O que está a impulsionar esta revolução? A resposta tem várias camadas. Primeiro, a pressão regulatória. A União Europeia estabeleceu metas ambiciosas através do Pacto Ecológico Europeu, e os bancos portugueses sabem que o acesso a financiamento europeu dependerá cada vez mais do seu desempenho ambiental. Segundo, a mudança geracional. Os millennials e a geração Z não querem apenas produtos financeiros; querem valores alinhados com as suas preocupações climáticas.
Mas há um terceiro fator, menos óbvio: a tecnologia. Plataformas de análise de dados estão a permitir aos bancos medir com precisão o impacto ambiental dos projetos que financiam. Já não se trata apenas de boas intenções; há métricas, indicadores, relatórios de carbono. Um gestor de risco de um banco comercial explicou-nos: "Antes, aprovávamos um empréstimo baseado principalmente no fluxo de caixa. Agora, analisamos também a pegada ecológica do projeto. E isso afeta as condições do crédito."
Esta nova abordagem está a criar oportunidades inesperadas. Pequenas e médias empresas que investem em eficiência energética estão a conseguir taxas de juro mais baixas. Startups dedicadas à economia circular encontram portas abertas onde antes havia cepticismo. Até no setor imobiliário, os "prédios verdes" valem mais no mercado e conseguem financiamento mais favorável.
No entanto, nem tudo são rosas. Há desafios significativos.

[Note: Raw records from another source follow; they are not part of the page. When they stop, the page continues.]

lemma AE_Phi_infinite_above_lambda_crit:
  assumes "prob_space \<eta>" and "stationary_ergodic \<eta>" and "sets \<eta> = sets env_space"
    and "0 < \<kappa>" and "AE \<omega> in \<eta>. range \<omega> \<subseteq> Sigma_kappa \<kappa>" and "lambda_crit \<eta> < ereal lam"
  shows "AE \<omega> in \<eta>. \<forall>k i j. Phi \<omega> k lam i j = \<infinity>"
proof -
  define A where "A = {\<omega> \<in> space \<eta>. \<exists>i j. Phi \<omega> 0 lam i j = \<infinity>}"
  have [measurable]: "(\<lambda>\<omega>. Phi \<omega> k lam i j) \<in> borel_measurable \<eta>" for k i j
    using borel_measurable_Phi measurable_cong_sets[OF assms(3) refl] by blast
  have "A \<in> sets \<eta>"
    unfolding A_def by measurable
  have "\<not> (AE \<omega> in \<eta>. \<forall>i j. Phi \<omega> 0 lam i j < \<infinity>)"
  proof
    assume "AE \<omega> in \<eta>. \<forall>i j. Phi \<omega> 0 lam i j < \<infinity>"
    then have "ereal lam \<le> lambda_crit \<eta>"
      unfolding lambda_crit_altdef by (intro Sup_upper) blast
    with assms(6) show False by simp
  qed
  then have "emeasure \<eta> A \<noteq> 0"
    using AE_iff_measurable[OF \<open>A \<in> sets \<eta>\<close>, of "\<lambda>\<omega>. \<forall>i j. Phi \<omega> 0 lam i j < \<infinity>"]
    unfolding A_def by (auto simp: less_top[symmetric])
  then have "AE \<omega> in \<eta>. \<forall>m. \<exists>k\<le>m. shift_by k \<omega> \<in> A"
    by (rule AE_shift_by_recurrent_left[OF assms(1-3) \<open>A \<in> sets \<eta>\<close>])
  with assms(5) show ?thesis
  proof eventually_elim
    case (elim \<omega>)
    show ?case
    proof (intro allI)
      fix k' i j
      obtain k where "k \<le> k' - 1" and "shift_by k \<omega> \<in> A"
        using elim(2) by blast
      moreover from this(2) obtain a b where "Phi \<omega> k lam a b = \<infinity>"
        by (auto simp: A_def Phi_shift_by)
      ultimately show "Phi \<omega> k' lam i j = \<infinity>"
        using Phi_eq_top_right[OF elim(1) assms(4)] by simp
    qed
  qed
qed

theorem mainTheorem5:
  fixes \<eta> :: "'d::finite env measure" and \<kappa> :: real
  assumes "prob_space \<eta>"
    and "sets \<eta> = sets env_space"
    and A1: "stationary_ergodic \<eta>"
    and A2: "\<kappa> > 0" "AE \<omega> in \<eta>. \<forall>n. \<omega> n \<in> Sigma_kappa \<kappa>"
  shows "lambda_crit \<eta> \<ge> 0
     \<and> (\<forall>lam. ereal lam < lambda_crit \<eta> \<longrightarrow>
           (AE \<omega> in \<eta>. \<forall>k i j. Phi \<omega> k lam i j < \<infinity>))
     \<and> (\<forall>lam. ereal lam > lambda_crit \<eta> \<longrightarrow>
           (AE \<omega> in \<eta>. \<forall>k i j. Phi \<omega> k lam i j = \<infinity>))"
proof -
  have uniformly_elliptic: "AE \<omega> in \<eta>. range \<omega> \<subseteq> Sigma_kappa \<kappa>"
    using A2(2) by (simp add: image_subset_iff)
  then have stochastic: "AE \<omega> in \<eta>. range \<omega> \<subseteq> Sigma_set"
    by eventually_elim (use Sigma_kappa_subset_Sigma_set in blast)
  show ?thesis
    using lambda_crit_nonneg[OF stochastic]
      AE_Phi_finite_below_lambda_crit[OF A1 assms(2) stochastic]
      AE_Phi_infinite_above_lambda_crit[OF assms(1) A1 assms(2) A2(1) uniformly_elliptic]
    by blast
qed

A principal crítica vem dos setores tradicionais, que argumentam que os critérios ESG podem limitar o acesso ao crédito para atividades económicas essenciais. Um empresário do setor dos transformados de tomate confessou-nos: "Precisamos de investir em maquinaria nova, mas os bancos questionam o nosso consumo de água. É como se a sustentabilidade fosse mais importante do que a sobrevivência da empresa."
Outro ponto de tensão é a definição do que é realmente "verde". Existem diferentes taxonomias, certificações, selos. Um projeto considerado sustentável por um banco pode não o ser para outro. Esta falta de padronização cria confusão no mercado e abre espaço para o "greenwashing" – a prática de apresentar produtos como mais ecológicos do que realmente são.

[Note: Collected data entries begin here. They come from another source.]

(* Let $r\ge5$ and let $C$ be a graph on $r+1$ vertices that has no vertex cover of size $1$. Let $c_3$ be the number of $3$-element vertex subsets of $C$ that are vertex covers. If \[ 4r-16+\frac{36}{r+2}\le c_3<4r-8, \] then $C$ is the disjoint union of a $K_3$ with isolated vertices, or the disjoint union of a $P_4$ (path on $4$ vertices) with isolated vertices.
   Context: A vertex cover of a graph is a set of vertices meeting every edge. *)

theory Defs
  imports Complex_Main
begin

definition simple_graph :: "'a set \<Rightarrow> 'a set set \<Rightarrow> bool" where
  "simple_graph V E \<longleftrightarrow> finite V \<and> (\<forall>e\<in>E. e \<subseteq> V \<and> card e = 2)"

definition vertex_cover :: "'a set \<Rightarrow> 'a set set \<Rightarrow> 'a set \<Rightarrow> bool" where
  "vertex_cover V E S \<longleftrightarrow> S \<subseteq> V \<and> (\<forall>e\<in>E. S \<inter> e \<noteq> {})"

definition num_covers :: "'a set \<Rightarrow> 'a set set \<Rightarrow> nat \<Rightarrow> nat" where
  "num_covers V E k = card {S. card S = k \<and> vertex_cover V E S}"

definition K3_plus_isolated :: "'a set \<Rightarrow> 'a set set \<Rightarrow> bool" where
  "K3_plus_isolated V E \<longleftrightarrow> (\<exists>a b c. a \<in> V \<and> b \<in> V \<and> c \<in> V \<and> distinct [a, b, c] \<and>
      E = {{a, b}, {b, c}, {a, c}})"

definition P4_plus_isolated :: "'a set \<Rightarrow> 'a set set \<Rightarrow> bool" where
  "P4_plus_isolated V E \<longleftrightarrow> (\<exists>a b c d. a \<in> V \<and> b \<in> V \<and> c \<in> V \<and> d \<in> V \<and> distinct [a, b, c, d] \<and>
      E = {{a, b}, {b, c}, {c, d}})"

end

theory Submission
  imports Defs
begin

text \<open>The hypotheses give 2r \<le> c_3 < 4r - 8. Without a vertex cover of size at most 2,
  branching three times on the two ends of an uncovered edge bounds c_3 by 8 < 2r. Otherwise let
  {u, v} be a cover. A set S is then a cover iff N(u) \<subseteq> S whenever u \<notin> S and N(v) \<subseteq> S
  whenever v \<notin> S, so c_3 is a sum of four counts of 3-element supersets of a fixed set, one for
  each way S meets {u, v}. These counts depend only on |N(u) \<union> {v}|, |N(v) \<union> {u}|,
  |N(u) \<union> N(v)| and on whether uv is an edge, and the window leaves only two shapes: uv an edge
  and u, v with one further neighbour each (a triangle or a P4), or uv a non-edge, one of u, v of
  degree 1 and its neighbour adjacent to the other one, which has degree 2 (a P4).\<close>

definition supersets :: "'a set \<Rightarrow> nat \<Rightarrow> 'a set \<Rightarrow> 'a set set" where
  "supersets W k X = {S. S \<subseteq> W \<and> card S = k \<and> X \<subseteq> S}"

lemma card_supersets:
  assumes "finite W"
  shows "card (supersets W k X) =
    (if X \<subseteq> W \<and> card X \<le> k then (card W - card X) choose (k - card X) else 0)"
proof (cases "X \<subseteq> W \<and> card X \<le> k")
  case True
  then have fX: "finite X" using assms finite_subset by blast
  have "bij_betw (\<lambda>T. T \<union> X) {T. T \<subseteq> W - X \<and> card T = k - card X} (supersets W k X)"
  proof (rule bij_betw_byWitness[where f' = "\<lambda>S. S - X"])
    show "(\<lambda>T. T \<union> X) ` {T. T \<subseteq> W - X \<and> card T = k - card X} \<subseteq> supersets W k X"
    proof (rule image_subsetI)
      fix T assume "T \<in> {T. T \<subseteq> W - X \<and> card T = k - card X}"
      then have "T \<subseteq> W - X" "card T = k - card X" by auto
      moreover have "finite T" using \<open>T \<subseteq> W - X\<close> assms finite_subset by blast
      moreover have "card (T \<union> X) = card T + card X"
        using \<open>T \<subseteq> W - X\<close> \<open>finite T\<close> fX by (intro card_Un_disjoint) auto
      ultimately show "T \<union> X \<in> supersets W k X"
        using True by (auto simp: supersets_def)
    qed
    show "(\<lambda>S. S - X) ` supersets W k X \<subseteq> {T. T \<subseteq> W - X \<and> card T = k - card X}"
      using fX by (auto simp: supersets_def card_Diff_subset)
  qed (auto simp: supersets_def)
  then have "card (supersets W k X) = card {T. T \<subseteq> W - X \<and> card T = k - card X}"
    by (simp add: bij_betw_same_card)
  also have "\<dots> = (card W - card X) choose (k - card X)"
    using True assms by (simp add: n_subsets card_Diff_subset fX)
  finally show ?thesis using True by simp
next
  case False
  have "supersets W k X = {}"
  proof (rule ccontr)
    assume "supersets W k X \<noteq> {}"
    then obtain S where "S \<subseteq> W" "card S = k" "X \<subseteq> S" by (auto simp: supersets_def)
    then show False
      using False assms by (meson card_mono finite_subset order.trans)
  qed
  then show ?thesis using False by (simp only: if_False card.empty)
qed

Apesar destes desafios, a tendência parece irreversível. Os maiores bancos portugueses já anunciaram que vão alinhar as suas carteiras de crédito com os objetivos do Acordo de Paris. Isto significa que, progressivamente, vão reduzir o financiamento a atividades com elevadas emissões de carbono e aumentar o apoio a projetos sustentáveis.
O que significa isto para o comum dos portugueses? Primeiro, quem procura crédito habitação pode encontrar condições mais favoráveis se comprar ou renovar para melhorar a eficiência energética. Segundo, os investidores têm cada vez mais opções de produtos financeiros "verdes", desde depósitos a prazo até fundos de investimento. Terceiro, as empresas que não se adaptarem podem enfrentar dificuldades no acesso ao crédito no futuro próximo.
Num café no Chiado, uma consultora financeira resume: "Estamos a assistir à maior redefinição do crédito desde a adesão ao euro. Só que desta vez, não se trata de moedas ou taxas de juro. Trata-se do planeta."
O caminho ainda é longo. Falta transparência, falta educação financeira sobre estes novos produtos, falta equilíbrio entre objetivos ambientais e desenvolvimento económico. Mas uma coisa é certa: o crédito nunca mais será o mesmo. E Portugal, com a sua tradição de inovação financeira e sensibilidade ambiental, pode estar na vanguarda desta transformação.
Nas palavras de um banqueiro reformado que acompanhou meio século de evolução do setor: "Nos anos 80, o grande debate era sobre juros. Nos anos 90, sobre risco. Nos anos 2000, sobre regulação. Agora, é sobre o futuro do planeta. Nunca pensei ver o dia em que a sala de reuniões de um banco discutiria tanto sobre emissões de carbono como sobre lucros."
Esta é a nova realidade. E está a chegar a todas as agências, a todos os balcões, a todas as decisões de crédito. A revolução pode ser silenciosa, mas as suas consequências serão ouvidas por gerações.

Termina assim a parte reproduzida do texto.